• _About this task_
Records follow. Select each line holding "bounds".

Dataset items
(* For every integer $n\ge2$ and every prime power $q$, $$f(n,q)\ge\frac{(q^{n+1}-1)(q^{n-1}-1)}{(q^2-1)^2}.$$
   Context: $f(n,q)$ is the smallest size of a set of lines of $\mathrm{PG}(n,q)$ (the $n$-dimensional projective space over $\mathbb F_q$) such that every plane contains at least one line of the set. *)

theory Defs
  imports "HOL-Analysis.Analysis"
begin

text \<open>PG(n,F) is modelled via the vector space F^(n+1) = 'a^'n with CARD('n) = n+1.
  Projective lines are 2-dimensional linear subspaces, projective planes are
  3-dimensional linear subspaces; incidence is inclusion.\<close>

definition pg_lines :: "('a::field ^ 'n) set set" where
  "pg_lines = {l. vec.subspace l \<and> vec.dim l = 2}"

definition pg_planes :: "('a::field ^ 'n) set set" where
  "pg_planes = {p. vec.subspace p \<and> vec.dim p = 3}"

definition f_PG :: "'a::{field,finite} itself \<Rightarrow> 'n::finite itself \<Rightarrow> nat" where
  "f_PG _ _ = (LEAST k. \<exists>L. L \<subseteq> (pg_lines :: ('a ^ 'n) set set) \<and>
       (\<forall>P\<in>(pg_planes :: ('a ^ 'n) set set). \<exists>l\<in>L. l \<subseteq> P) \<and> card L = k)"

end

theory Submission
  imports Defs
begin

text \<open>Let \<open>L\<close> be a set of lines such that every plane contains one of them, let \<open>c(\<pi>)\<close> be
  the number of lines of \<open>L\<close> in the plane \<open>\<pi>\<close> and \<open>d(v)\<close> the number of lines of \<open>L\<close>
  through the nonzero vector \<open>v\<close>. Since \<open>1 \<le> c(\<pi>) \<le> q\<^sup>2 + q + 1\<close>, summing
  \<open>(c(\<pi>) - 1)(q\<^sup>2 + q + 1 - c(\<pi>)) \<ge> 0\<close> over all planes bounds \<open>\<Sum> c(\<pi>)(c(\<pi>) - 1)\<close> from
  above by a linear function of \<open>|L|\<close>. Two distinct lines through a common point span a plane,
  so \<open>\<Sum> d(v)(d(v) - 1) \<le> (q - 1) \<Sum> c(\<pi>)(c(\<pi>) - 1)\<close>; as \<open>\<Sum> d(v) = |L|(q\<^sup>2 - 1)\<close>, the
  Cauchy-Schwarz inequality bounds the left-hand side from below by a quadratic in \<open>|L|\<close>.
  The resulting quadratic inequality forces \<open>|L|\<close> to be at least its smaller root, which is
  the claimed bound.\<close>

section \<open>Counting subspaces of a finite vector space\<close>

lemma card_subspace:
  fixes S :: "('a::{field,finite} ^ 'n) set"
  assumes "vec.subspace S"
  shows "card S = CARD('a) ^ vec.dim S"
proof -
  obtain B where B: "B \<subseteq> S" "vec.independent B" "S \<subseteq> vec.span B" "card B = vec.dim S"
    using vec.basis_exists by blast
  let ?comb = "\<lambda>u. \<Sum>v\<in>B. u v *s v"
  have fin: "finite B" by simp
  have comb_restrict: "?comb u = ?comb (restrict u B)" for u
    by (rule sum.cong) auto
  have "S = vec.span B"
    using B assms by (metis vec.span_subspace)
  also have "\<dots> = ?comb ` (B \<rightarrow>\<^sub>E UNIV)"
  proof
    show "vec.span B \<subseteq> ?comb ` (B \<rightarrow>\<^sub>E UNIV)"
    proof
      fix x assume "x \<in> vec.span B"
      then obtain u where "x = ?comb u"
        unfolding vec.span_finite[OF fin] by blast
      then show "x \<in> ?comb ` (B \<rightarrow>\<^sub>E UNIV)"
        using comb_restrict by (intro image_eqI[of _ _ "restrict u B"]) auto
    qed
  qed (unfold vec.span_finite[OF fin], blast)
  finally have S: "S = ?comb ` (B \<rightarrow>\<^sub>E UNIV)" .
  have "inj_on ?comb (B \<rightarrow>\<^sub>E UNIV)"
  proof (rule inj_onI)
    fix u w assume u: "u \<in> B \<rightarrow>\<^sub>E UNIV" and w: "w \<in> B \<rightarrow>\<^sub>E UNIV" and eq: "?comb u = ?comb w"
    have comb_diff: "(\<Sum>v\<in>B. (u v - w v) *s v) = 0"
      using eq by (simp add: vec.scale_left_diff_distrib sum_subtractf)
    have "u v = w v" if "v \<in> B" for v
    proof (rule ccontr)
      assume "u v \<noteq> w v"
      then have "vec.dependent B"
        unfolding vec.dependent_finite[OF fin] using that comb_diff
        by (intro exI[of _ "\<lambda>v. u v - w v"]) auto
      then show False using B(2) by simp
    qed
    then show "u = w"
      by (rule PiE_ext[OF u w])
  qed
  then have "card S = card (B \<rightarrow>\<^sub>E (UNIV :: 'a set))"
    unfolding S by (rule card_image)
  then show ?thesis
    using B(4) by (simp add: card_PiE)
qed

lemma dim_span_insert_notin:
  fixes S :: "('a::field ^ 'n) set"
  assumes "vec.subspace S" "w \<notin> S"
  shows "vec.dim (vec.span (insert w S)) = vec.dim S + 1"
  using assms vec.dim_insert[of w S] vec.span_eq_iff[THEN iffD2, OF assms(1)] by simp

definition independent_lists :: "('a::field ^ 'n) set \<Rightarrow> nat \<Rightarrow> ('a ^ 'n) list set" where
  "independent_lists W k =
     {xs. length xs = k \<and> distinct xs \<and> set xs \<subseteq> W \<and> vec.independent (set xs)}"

* * *

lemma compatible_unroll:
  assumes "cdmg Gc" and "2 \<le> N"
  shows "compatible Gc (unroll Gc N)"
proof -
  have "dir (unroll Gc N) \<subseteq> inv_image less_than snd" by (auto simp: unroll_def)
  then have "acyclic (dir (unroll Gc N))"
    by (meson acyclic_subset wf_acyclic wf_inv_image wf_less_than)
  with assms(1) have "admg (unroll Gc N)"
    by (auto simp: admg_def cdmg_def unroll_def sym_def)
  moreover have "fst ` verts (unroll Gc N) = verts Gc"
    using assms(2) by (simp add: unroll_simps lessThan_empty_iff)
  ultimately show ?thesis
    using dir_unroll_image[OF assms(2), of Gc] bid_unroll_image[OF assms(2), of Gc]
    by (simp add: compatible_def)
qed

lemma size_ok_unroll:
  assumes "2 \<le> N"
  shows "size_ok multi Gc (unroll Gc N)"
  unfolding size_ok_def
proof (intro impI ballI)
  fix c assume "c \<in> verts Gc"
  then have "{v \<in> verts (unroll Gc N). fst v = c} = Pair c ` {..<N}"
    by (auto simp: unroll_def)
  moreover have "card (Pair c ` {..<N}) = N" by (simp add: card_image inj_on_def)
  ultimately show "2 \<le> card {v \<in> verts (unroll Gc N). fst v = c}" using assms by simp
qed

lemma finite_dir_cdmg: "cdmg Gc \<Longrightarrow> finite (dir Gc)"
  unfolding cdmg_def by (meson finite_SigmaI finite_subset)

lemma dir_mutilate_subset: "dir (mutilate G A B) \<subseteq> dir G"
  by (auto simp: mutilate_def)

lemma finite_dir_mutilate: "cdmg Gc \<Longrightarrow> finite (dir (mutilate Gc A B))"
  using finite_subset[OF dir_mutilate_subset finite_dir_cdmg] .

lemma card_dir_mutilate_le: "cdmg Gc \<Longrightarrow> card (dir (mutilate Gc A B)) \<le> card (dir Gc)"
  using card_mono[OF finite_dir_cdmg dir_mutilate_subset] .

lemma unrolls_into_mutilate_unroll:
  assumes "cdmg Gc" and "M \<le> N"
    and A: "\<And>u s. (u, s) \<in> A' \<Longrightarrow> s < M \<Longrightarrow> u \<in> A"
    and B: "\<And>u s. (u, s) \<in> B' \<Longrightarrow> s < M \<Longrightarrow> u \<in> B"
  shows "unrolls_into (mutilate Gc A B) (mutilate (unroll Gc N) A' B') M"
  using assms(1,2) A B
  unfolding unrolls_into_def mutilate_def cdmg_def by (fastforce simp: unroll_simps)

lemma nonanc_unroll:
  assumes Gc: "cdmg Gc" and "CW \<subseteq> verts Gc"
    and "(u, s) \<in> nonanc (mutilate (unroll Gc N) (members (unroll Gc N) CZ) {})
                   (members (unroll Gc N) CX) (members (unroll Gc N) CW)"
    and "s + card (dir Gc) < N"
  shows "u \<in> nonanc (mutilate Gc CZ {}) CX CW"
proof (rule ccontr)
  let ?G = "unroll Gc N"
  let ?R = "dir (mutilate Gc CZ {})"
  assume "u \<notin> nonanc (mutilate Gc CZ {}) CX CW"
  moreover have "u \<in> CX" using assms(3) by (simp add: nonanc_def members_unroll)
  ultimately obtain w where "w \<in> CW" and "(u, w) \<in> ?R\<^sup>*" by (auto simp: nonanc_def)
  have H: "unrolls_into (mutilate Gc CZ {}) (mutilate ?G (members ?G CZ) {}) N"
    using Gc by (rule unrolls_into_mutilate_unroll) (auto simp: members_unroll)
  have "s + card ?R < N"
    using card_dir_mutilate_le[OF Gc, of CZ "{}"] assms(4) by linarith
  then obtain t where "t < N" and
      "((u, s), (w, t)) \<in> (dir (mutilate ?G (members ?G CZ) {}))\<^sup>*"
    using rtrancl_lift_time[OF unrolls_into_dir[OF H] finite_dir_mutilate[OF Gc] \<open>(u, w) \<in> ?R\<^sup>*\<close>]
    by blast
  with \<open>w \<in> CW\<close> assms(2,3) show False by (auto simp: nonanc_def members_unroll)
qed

• _Exercise output_
  \<open>(c(\<pi>) - 1)(q\<^sup>2 + q + 1 - c(\<pi>)) \<ge> 0\<close> over all planes bounds \<open>\<Sum> c(\<pi>)(c(\<pi>) - 1)\<close> from
  Cauchy-Schwarz inequality bounds the left-hand side from below by a quadratic in \<open>|L|\<close>.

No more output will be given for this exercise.